Design and Synthesis of the Novel PI3K/mTOR Dual Inhibitors as Anticancer Agents

Abstract

Cancer is a chronic disease and the death occurring due to the cancer is increasing year by year. According to WHO statistics, breast cancer is the most dangerous type of cancer with high death rate. Several class I PI3K/mTOR dual inhibitors have entered different clinical research stages, such as gedatolisib, apitolisib, omipalisib, dactolisib and so on. However, all these inhibitors have varying degrees of adverse events and no PI3K/mTOR dual inhibitor has been successfully approved by FDA. Therefore, the development of PI3K/mTOR dual inhibitors with good clinical activity, few side effects, and low toxicity is extremely urgent. From the extensive literature review it was well understood that the PI3K/mTOR signalling has long been a therapeutic targeting pathway for development of breast cancer treatment.
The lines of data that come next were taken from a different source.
lemma lin_dep_complex_module: "lin_dep S \<longleftrightarrow> \<not> lin_indep_over K S"
  unfolding lin_dep_def lin_indep_over_def lincomb_complex_module
  by auto

lemma submodule_span_over: "submodule (subfield_ring K) (span_over K S) complex_module"
  using span_is_submodule[of S] by (simp add: span_complex_module)

lemma span_over_zero: "0 \<in> span_over K S"
  using submodule.zero_closed[OF submodule_span_over] by simp

lemma span_over_add: "x \<in> span_over K S \<Longrightarrow> y \<in> span_over K S \<Longrightarrow> x + y \<in> span_over K S"
  using submodule.m_closed[OF submodule_span_over] by simp

lemma span_over_smult: "a \<in> K \<Longrightarrow> x \<in> span_over K S \<Longrightarrow> a * x \<in> span_over K S"
  using submodule.smult_closed[OF submodule_span_over]
  by simp

lemma span_over_uminus: "x \<in> span_over K S \<Longrightarrow> - x \<in> span_over K S"
  using span_over_smult[of "- 1"] subfield_one[OF K] subfield_uminus[OF K] by fastforce

lemma span_over_diff: "x \<in> span_over K S \<Longrightarrow> y \<in> span_over K S \<Longrightarrow> x - y \<in> span_over K S"
  using span_over_add[of x S "- y"] span_over_uminus[of y S] by simp

lemma span_over_sum: "(\<And>i. i \<in> I \<Longrightarrow> f i \<in> span_over K S) \<Longrightarrow> sum f I \<in> span_over K S"
  by (induction I rule: infinite_finite_induct) (auto intro: span_over_zero span_over_add)

lemma span_over_superset: "S \<subseteq> span_over K S"
  using in_own_span[of S] by (simp add: span_complex_module)

lemma span_over_subset: "S \<subseteq> span_over K T \<Longrightarrow> span_over K S \<subseteq> span_over K T"
  using span_is_subset[OF _ submodule_span_over] by (simp add: span_complex_module)

lemma span_over_mono: "S \<subseteq> T \<Longrightarrow> span_over K S \<subseteq> span_over K T"
  using span_is_monotone by (simp add: span_complex_module)

lemma span_over_insert:
  "x \<in> span_over K (insert s S) \<longleftrightarrow> (\<exists>a\<in>K. x - a * s \<in> span_over K S)"
proof
  assume "x \<in> span_over K (insert s S)"
  then obtain T c where T: "finite T" "T \<subseteq> insert s S" "\<forall>t\<in>T. c t \<in> K"
    and x: "x = (\<Sum>t\<in>T. c t * t)"
    unfolding span_over_def by blast
  define a where "a = (if s \<in> T then c s else 0)"
  have "x - a * s = (\<Sum>t\<in>T - {s}. c t * t)"
    unfolding x a_def using T(1) by (simp add: sum_diff1)
  also have "\<dots> \<in> span_over K S"
    unfolding span_over_def using T by blast
  finally show "\<exists>a\<in>K. x - a * s \<in> span_over K S"
    using T(3) subfield_zero[OF K] unfolding a_def by (metis (full_types))
next
  assume "\<exists>a\<in>K. x - a * s \<in> span_over K S"
  then obtain a where a: "a \<in> K" and rest: "x - a * s \<in> span_over K S" by blast
  have "a * s \<in> span_over K (insert s S)"
    using span_over_smult[OF a] span_over_superset[of "insert s S"] by simp
  moreover have "x - a * s \<in> span_over K (insert s S)"
    using span_over_mono[of S "insert s S"] rest by auto
  ultimately have "a * s + (x - a * s) \<in> span_over K (insert s S)"
    by (rule span_over_add)
  then show "x \<in> span_over K (insert s S)" by simp
qed

lemma span_over_mult:
  assumes x: "x \<in> span_over K S" and y: "y \<in> span_over K T"
  shows "x * y \<in> span_over K {s * t | s t. s \<in> S \<and> t \<in> T}"
proof -
  obtain A a where A: "finite A" "A \<subseteq> S" "\<forall>s\<in>A. a s \<in> K" and xa: "x = (\<Sum>s\<in>A. a s * s)"
    using x unfolding span_over_def by blast
  obtain B b where B: "finite B" "B \<subseteq> T" "\<forall>t\<in>B. b t \<in> K" and yb: "y = (\<Sum>t\<in>B. b t * t)"
    using y unfolding span_over_def by blast
  have "x * y = (\<Sum>s\<in>A. \<Sum>t\<in>B. (a s * b t) * (s * t))"
    unfolding xa yb sum_product by (simp add: ac_simps)
  also have "\<dots> \<in> span_over K {s * t | s t. s \<in> S \<and> t \<in> T}"
  proof (rule span_over_sum, rule span_over_sum, rule span_over_smult)
    fix s t assume st: "s \<in> A" "t \<in> B"
    show "a s * b t \<in> K" using st A(3) B(3) subfield_mult[OF K] by blast
    have "s * t \<in> {s * t | s t. s \<in> S \<and> t \<in> T}" using st A(2) B(2) by blast
    then show "s * t \<in> span_over K {s * t | s t. s \<in> S \<and> t \<in> T}"
      using span_over_superset[of "{s * t | s t. s \<in> S \<and> t \<in> T}"] by blast
  qed
  finally show ?thesis .
qed

lemma lin_indep_over_insert:
  assumes "s \<notin> S"
  shows "lin_indep_over K (insert s S) \<longleftrightarrow> lin_indep_over K S \<and> s \<notin> span_over K S"
proof -
  have "lin_indep_over K (insert s S) \<Longrightarrow> lin_indep_over K S"
    using subset_li_is_li[of "insert s S" S] by (auto simp: lin_dep_complex_module)
  then show ?thesis
    using lin_dep_iff_in_span[of S s] assms
    by (auto simp: lin_dep_complex_module span_complex_module)
qed

lemma card_le_if_lin_indep_over:
  assumes "finite S" "finite T" "T \<subseteq> span_over K S" "lin_indep_over K T"
  shows "card T \<le> card S"
proof -
  obtain C :: "complex set" where "int (card C) \<le> int (card S) - int (card T)"
    using replacement[of T S] assms
    by (auto simp: span_complex_module lin_dep_complex_module)
  then show ?thesis by linarith
qed

lemma finite_basis_of_span_over:
  assumes S: "finite S"
  shows "\<exists>B\<subseteq>S. lin_indep_over K B \<and> span_over K B = span_over K S"
proof -
  let ?I = "{B. B \<subseteq> S \<and> lin_indep_over K B}"
  have "finite ?I" using S by (rule rev_finite_subset[OF finite_Pow_iff[THEN iffD2]]) blast
  moreover have "{} \<in> ?I" by (simp add: lin_indep_over_def)
  ultimately obtain B where B: "B \<subseteq> S" "lin_indep_over K B"
    and max: "\<And>B'. B' \<in> ?I \<Longrightarrow> B \<subseteq> B' \<Longrightarrow> B = B'"
    using finite_has_maximal2[of ?I "{}"] by (metis (no_types, lifting) mem_Collect_eq)
  have "S \<subseteq> span_over K B"
  proof
    fix s assume s: "s \<in> S"
    show "s \<in> span_over K B"
    proof (rule ccontr)
      assume s_notin: "s \<notin> span_over K B"
      have "s \<notin> B" using s_notin span_over_superset[of B] by blast
      then have "insert s B \<in> ?I" using B s s_notin lin_indep_over_insert by simp
      then have "B = insert s B" by (rule max) blast
      then show False using s_notin span_over_superset[of B] by blast
    qed
  qed
  then have "span_over K S \<subseteq> span_over K B" by (rule span_over_subset)
  then show ?thesis using B span_over_mono[OF B(1)] by blast
qed
end

section \<open>Polynomials over K and algebraic elements\<close>

definition poly_over :: "complex set \<Rightarrow> complex poly \<Rightarrow> bool" where
  "poly_over K p \<longleftrightarrow> (\<forall>i. coeff p i \<in> K)"

lemma poly_over_pCons: "poly_over K (pCons a p) \<longleftrightarrow> a \<in> K \<and> poly_over K p"
  unfolding poly_over_def by (metis coeff_pCons_0 coeff_pCons_Suc not0_implies_Suc)

lemma poly_over_0: "subfield K \<Longrightarrow> poly_over K 0"
  by (simp add: poly_over_def subfield_zero)

lemma poly_over_monom: "subfield K \<Longrightarrow> c \<in> K \<Longrightarrow> poly_over K (monom c i)"
  by (simp add: poly_over_def subfield_zero)

lemma poly_over_add: "subfield K \<Longrightarrow> poly_over K p \<Longrightarrow> poly_over K q \<Longrightarrow> poly_over K (p + q)"
  by (simp add: poly_over_def subfield_add)

lemma poly_over_uminus: "subfield K \<Longrightarrow> poly_over K p \<Longrightarrow> poly_over K (- p)"
  by (simp add: poly_over_def subfield_uminus)

lemma poly_over_1: "subfield K \<Longrightarrow> poly_over K 1"
  by (simp add: poly_over_def coeff_1 subfield_zero subfield_one)

lemma poly_over_mult:
  assumes K: "subfield K" and "poly_over K p" "poly_over K q"
  shows "poly_over K (p * q)"
  using assms(2,3) unfolding poly_over_def coeff_mult
  by (intro allI subfield_sum[OF K] subfield_mult[OF K]) auto

lemma poly_over_sum:
  assumes K: "subfield K" and f: "\<And>i. i \<in> I \<Longrightarrow> poly_over K (f i)"
  shows "poly_over K (sum f I)"
  using f
  by (induction I rule: infinite_finite_induct)
    (simp_all add: poly_over_0[OF K] poly_over_add[OF K])

lemma poly_over_prod:
  assumes K: "subfield K" and f: "\<And>i. i \<in> I \<Longrightarrow> poly_over K (f i)"
  shows "poly_over K (prod f I)"
  using f
  by (induction I rule: infinite_finite_induct)
    (simp_all add: poly_over_1[OF K] poly_over_mult[OF K])

lemma poly_mem_if_poly_over:
  assumes K: "subfield K" and KL: "K \<subseteq> L"
    and add: "\<And>x y. x \<in> L \<Longrightarrow> y \<in> L \<Longrightarrow> x + y \<in> L"
    and mult: "\<And>x y. x \<in> L \<Longrightarrow> y \<in> L \<Longrightarrow> x * y \<in> L"
    and x: "x \<in> L" and p: "poly_over K p"
  shows "poly p x \<in> L"
  using p
proof (induction p rule: pCons_induct)
  case 0
  then show ?case using KL subfield_zero[OF K] by auto
next
  case (pCons a p)
  then show ?case using KL x by (auto simp: poly_over_pCons intro!: add mult)
qed

lemma inverse_mem_if_root:
  assumes K: "subfield K" and KL: "K \<subseteq> L"
    and add: "\<And>x y. x \<in> L \<Longrightarrow> y \<in> L \<Longrightarrow> x + y \<in> L"
    and mult: "\<And>x y. x \<in> L \<Longrightarrow> y \<in> L \<Longrightarrow> x * y \<in> L"
    and x: "x \<in> L" "x \<noteq> 0" and p: "p \<noteq> 0" "poly_over K p" "poly p x = 0"
  shows "inverse x \<in> L"
  using p
proof (induction p rule: pCons_induct)
  case (pCons a p)
  have a: "a \<in> K" and p: "poly_over K p" using pCons.prems(2) by (simp_all add: poly_over_pCons)
  have root: "a + x * poly p x = 0" using pCons.prems(3) by simp
  show ?case
  proof (cases "a = 0")
    case True
    then have "p \<noteq> 0" "poly p x = 0" using pCons.prems(1) root x(2) by auto
    then show ?thesis using pCons.IH p by blast
  next
    case False
    have "x * poly p x = - a" using root by (simp add: eq_neg_iff_add_eq_0 add.commute)
    then have "x * (poly p x * - inverse a) = 1" using False by (simp add: mult.assoc[symmetric])
    then have "inverse x = poly p x * - inverse a" by (rule inverse_unique)
    also have "\<dots> \<in> L"
    proof (rule mult)
      show "poly p x \<in> L" by (rule poly_mem_if_poly_over[OF K KL add mult x(1) p])
      show "- inverse a \<in> L" using KL subfield_uminus[OF K subfield_inverse[OF K a]] by blast
    qed
    finally show ?thesis .
  qed
qed simp

lemma algebraic_if_powers_in_span_over:
  assumes K: "subfield K" and S: "finite S" and pow: "\<And>i. x ^ i \<in> span_over K S"
  shows "\<exists>p. p \<noteq> 0 \<and> poly_over K p \<and> poly p x = 0"
proof (cases "inj_on (\<lambda>i. x ^ i) {..card S}")
  case False
  then obtain i j where ij: "i \<noteq> j" "x ^ i = x ^ j" unfolding inj_on_def by blast
  define p where "p = monom 1 i + - monom (1::complex) j"
  have "coeff p i = 1" using ij(1) by (simp add: p_def)
  then have "p \<noteq> 0" by auto
  moreover have "poly_over K p"
    unfolding p_def using K by (intro poly_over_add poly_over_uminus poly_over_monom subfield_one)
  moreover have "poly p x = 0" using ij(2) by (simp add: p_def poly_monom)
  ultimately show ?thesis by blast
next
  case True
  define X where "X = (\<lambda>i. x ^ i) ` {..card S}"
  have X: "finite X" "X \<subseteq> span_over K S" using pow by (auto simp: X_def)
  have "card X = Suc (card S)" unfolding X_def using card_image[OF True] by simp
  then have "\<not> lin_indep_over K X" using card_le_if_lin_indep_over[OF K S X] by linarith
  then obtain U c u where U: "finite U" "U \<subseteq> X" "\<forall>t\<in>U. c t \<in> K" "(\<Sum>t\<in>U. c t * t) = 0"
    and u: "u \<in> U" "c u \<noteq> 0"
    unfolding lin_indep_over_def by blast
  define e where "e i = (if x ^ i \<in> U then c (x ^ i) else 0)" for i
  define p where "p = (\<Sum>i\<le>card S. monom (e i) i)"
  obtain i where i: "i \<le> card S" "u = x ^ i" using u(1) U(2) unfolding X_def by blast
  have "coeff p i = e i" unfolding p_def coeff_sum using i(1) by (simp add: coeff_monom)
  then have "p \<noteq> 0" using u i(2) by (auto simp: e_def)
  moreover have "poly_over K p"
    unfolding p_def e_def using U(3)
    by (intro poly_over_sum[OF K] poly_over_monom[OF K]) (simp add: subfield_zero[OF K])
  moreover have "poly p x = 0"
  proof -
    have "poly p x = (\<Sum>i\<le>card S. e i * x ^ i)" by (simp add: p_def poly_sum poly_monom)
    also have "\<dots> = (\<Sum>t\<in>X. (if t \<in> U then c t else 0) * t)"
      unfolding X_def e_def by (simp add: sum.reindex[OF True])
    also have "\<dots> = (\<Sum>t\<in>X. if t \<in> U then c t * t else 0)" by (rule sum.cong) auto
    also have "\<dots> = (\<Sum>t\<in>X \<inter> U. c t * t)" by (simp add: sum.inter_restrict X(1))
    also have "X \<inter> U = U" using U(2) by blast
    finally show ?thesis using U(4) by simp
  qed
  ultimately show ?thesis by blast
qed
lemma binom_ffact2_sum_Suc_Suc:
  "binom_ffact2_sum \<epsilon> (Suc i) x (Suc l) =
     of_nat (Suc i) * \<epsilon> * binom_ffact2_sum \<epsilon> i (x + 1) l
     + (of_int x - 2 * of_nat l) * binom_ffact2_sum \<epsilon> (Suc i) x l"
proof -
  define F where "F j = \<epsilon> ^ j * ffact2 l (of_int (int j + x) :: rat)" for j
  have "binom_ffact2_sum \<epsilon> (Suc i) x (Suc l) =
        (\<Sum>j\<le>Suc i. of_nat (Suc i choose j) * (of_nat j * F j))
        + (of_int x - 2 * of_nat l) * binom_ffact2_sum \<epsilon> (Suc i) x l"
    unfolding binom_ffact2_sum_def ffact2_Suc F_def sum_distrib_left sum.distrib[symmetric]
    by (intro sum.cong refl) (simp add: algebra_simps)
  also have "(\<Sum>j\<le>Suc i. of_nat (Suc i choose j) * (of_nat j * F j)) =
             of_nat (Suc i) * \<epsilon> * binom_ffact2_sum \<epsilon> i (x + 1) l"
    unfolding sum_binomial_times_index binom_ffact2_sum_def F_def sum_distrib_left
    by (simp add: algebra_simps)
  finally show ?thesis .
qed

lemma binom_ffact2_sum_alternating_eq_0: "l < i \<Longrightarrow> binom_ffact2_sum (-1) i x l = 0"
proof (induction l arbitrary: i x)
  case 0
  then show ?case
    using choose_alternating_sum[of i, where ?'a = rat]
    by (simp add: binom_ffact2_sum_def mult.commute)
next
  case (Suc l)
  then obtain i' where "i = Suc i'"
    by (cases i) auto
  with Suc show ?case
    by (simp add: binom_ffact2_sum_Suc_Suc)
qed

lemma binom_ffact2_sum_expansion:
  "l \<le> i \<Longrightarrow> \<exists>\<beta>::nat \<Rightarrow> int. \<beta> l = 1 \<and>
     binom_ffact2_sum 1 i x l / fact i = (\<Sum>b\<le>l. of_int (\<beta> b) * 2 ^ (i - b) / fact (i - b))"
proof (induction l arbitrary: i x)
  case 0
  have "binom_ffact2_sum 1 i x 0 = 2 ^ i"
    using choose_row_sum[of i] unfolding binom_ffact2_sum_def by (simp flip: of_nat_sum)
  then show ?case
    by (intro exI[of _ "\<lambda>_. 1"]) simp
next
  case (Suc l)
  then obtain i' where i: "i = Suc i'"
    by (cases i) auto
  define F where "F b = (2::rat) ^ (i - b) / fact (i - b)" for b
  obtain \<beta>1 where \<beta>1: "\<beta>1 l = 1"
    "binom_ffact2_sum 1 i' (x + 1) l / fact i' = (\<Sum>b\<le>l. of_int (\<beta>1 b) * F (Suc b))"
    using Suc.IH[of i' "x + 1"] Suc.prems by (auto simp: i F_def)
  obtain \<beta>2 where \<beta>2: "binom_ffact2_sum 1 i x l / fact i = (\<Sum>b\<le>l. of_int (\<beta>2 b) * F b)"
    using Suc.IH[of i x] Suc.prems by (auto simp: F_def)
  define \<beta> where "\<beta> b = (if b = 0 then 0 else \<beta>1 (b - 1))
    + (x - 2 * int l) * (if b \<le> l then \<beta>2 b else 0)" for b
  have "binom_ffact2_sum 1 i x (Suc l) / fact i =
        binom_ffact2_sum 1 i' (x + 1) l / fact i'
        + (of_int x - 2 * of_nat l) * (binom_ffact2_sum 1 i x l / fact i)"
    by (simp add: i binom_ffact2_sum_Suc_Suc add_divide_distrib del: of_nat_Suc)
  also have "\<dots> = (\<Sum>b\<le>Suc l. of_int (\<beta> b) * F b)"
  proof -
    have shifted: "(\<Sum>b\<le>Suc l. of_int (if b = 0 then 0 else \<beta>1 (b - 1)) * F b)
        = (\<Sum>b\<le>l. of_int (\<beta>1 b) * F (Suc b))"
      by (subst sum.atMost_Suc_shift) simp
    have truncated: "(\<Sum>b\<le>Suc l. of_int (if b \<le> l then \<beta>2 b else 0) * F b)
        = (\<Sum>b\<le>l. of_int (\<beta>2 b) * F b)"
      by (simp add: sum.atMost_Suc)
    show ?thesis
      unfolding \<beta>1(2) \<beta>2 \<beta>_def of_int_add of_int_mult distrib_right sum.distrib shifted
      by (simp add: mult.assoc truncated flip: sum_distrib_left)
  qed
  finally show ?case
    using \<beta>1(1) by (intro exI[of _ \<beta>]) (simp add: \<beta>_def F_def)
qed

lemma even_binom_ffact2_sum_eq:
  "2 * even_binom_ffact2_sum i x l =
     binom_ffact2_sum 1 i x l + (if even x then 1 else -1) * binom_ffact2_sum (-1) i x l"
  unfolding even_binom_ffact2_sum_def binom_ffact2_sum_def sum_distrib_left sum.distrib[symmetric]
  by (intro sum.cong refl) (auto simp: algebra_simps)

lemma even_binom_ffact2_sum_expansion:
  assumes "l < i"
  obtains \<beta> :: "nat \<Rightarrow> int" where "\<beta> l = 1"
    "even_binom_ffact2_sum i x l / fact i = (\<Sum>b\<le>l. of_int (\<beta> b) * (2 ^ (i - b - 1) / fact (i - b)))"
proof -
  obtain \<beta> where \<beta>: "\<beta> l = 1"
    "binom_ffact2_sum 1 i x l / fact i = (\<Sum>b\<le>l. of_int (\<beta> b) * 2 ^ (i - b) / fact (i - b))"
    using binom_ffact2_sum_expansion[of l i x] assms by auto
  have "even_binom_ffact2_sum i x l / fact i = binom_ffact2_sum 1 i x l / fact i / 2"
    using even_binom_ffact2_sum_eq[of i x l] binom_ffact2_sum_alternating_eq_0[OF assms]
    by (simp add: field_simps)
  also have "\<dots> = (\<Sum>b\<le>l. of_int (\<beta> b) * (2 ^ (i - b - 1) / fact (i - b)))"
    unfolding \<beta>(2) sum_divide_distrib
  proof (intro sum.cong refl)
    fix b
    assume "b \<in> {..l}"
    then have "(2::rat) ^ (i - b) = 2 * 2 ^ (i - b - 1)"
      using assms by (simp flip: power_Suc)
    then show "of_int (\<beta> b) * 2 ^ (i - b) / fact (i - b) / 2 =
               of_int (\<beta> b) * (2 ^ (i - b - 1) / fact (i - b) :: rat)"
      by simp
  qed
  finally show ?thesis
    using \<beta>(1) that by blast
qed

lemma ffact2_double_div_fact_Z2:
  assumes "i \<le> l" "y \<in> \<int>"
  shows "ffact2 l (2 * y) / fact i \<in> Z2"
proof -
  have "ffact2 l (2 * y) / fact i = (\<Prod>u<l. y - of_nat u) * (2 ^ l / fact i)"
    by (simp add: ffact2_double)
  also have "\<dots> \<in> Z2"
    using assms by (intro Z2_mult Z2_Ints Ints_prod Ints_diff two_pow_div_fact_Z2_if_le) auto
  finally show ?thesis .
qed

lemma even_binom_ffact2_sum_Z2: "even_binom_ffact2_sum i x l / fact i \<in> Z2"
proof (cases "l < i")
  case True
  then obtain \<beta> where
    "even_binom_ffact2_sum i x l / fact i = (\<Sum>b\<le>l. of_int (\<beta> b) * (2 ^ (i - b - 1) / fact (i - b)))"
    by (rule even_binom_ffact2_sum_expansion)
  also have "\<dots> \<in> Z2"
    using True by (intro Z2_sum Z2_mult Z2_of_int two_pow_pred_div_fact_Z2) simp
  finally show ?thesis .
next
  case False
  have "even_binom_ffact2_sum i x l / fact i = (\<Sum>j\<le>i. if even (int j + x)
      then of_nat (i choose j) * (ffact2 l (of_int (int j + x)) / fact i) else 0)"
    unfolding even_binom_ffact2_sum_def sum_divide_distrib by (intro sum.cong refl) simp
  also have "\<dots> \<in> Z2"
  proof (intro Z2_sum)
    fix j
    show "(if even (int j + x) then of_nat (i choose j) * (ffact2 l (of_int (int j + x)) / fact i)
        else 0) \<in> Z2"
    proof (cases "even (int j + x)")
      case True
      then obtain y where "int j + x = 2 * y" ..
      then have "ffact2 l (of_int (int j + x)) / fact i \<in> Z2"
        using False ffact2_double_div_fact_Z2[of i l "of_int y"] by simp
      then show ?thesis
        unfolding if_P[OF True] by (rule Z2_mult[OF Z2_of_nat])
    qed simp
  qed
  finally show ?thesis .
qed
The aim of the present research work is to design and synthesise a novel PI3K/mTOR dual inhibitor for the treatment of breast cancer. 14 diversified structures were taken for the pharmacophore generation. Pharmacophore model was developed by using DISCOtech and refined by GASP module of Sybyl. The best model was selected which contain 1 hydrophobic, 2 donor site, 2 acceptor atoms. This model was further considered for the virtual screening. On virtual screening, 14420 molecules were retrieved which further filtered out counter ions, duplicate structures, bad fragments and Lipinski filtering. Total 7214 drug like molecules were obtained among them 35 compounds showed Qfit value greater than 95%. 58 derivatives of morpholino-pyrimidine were taken from various literature for 3D-QSAR studies. Two different alignments were performed. Among them distill-based alignment showed good result as compared to pharmacophore-based alignment. On the basis of contour maps favourable and unfavourable region were identified. Molecules were designed using rational-based drug design approach. Designed derivative were docked on PI3K and mTOR protein. Further, toxicity prediction and ADMET study of designed molecules was performed. Best docking score compounds were synthesized. Then further characterized synthesized compound using IR and mass.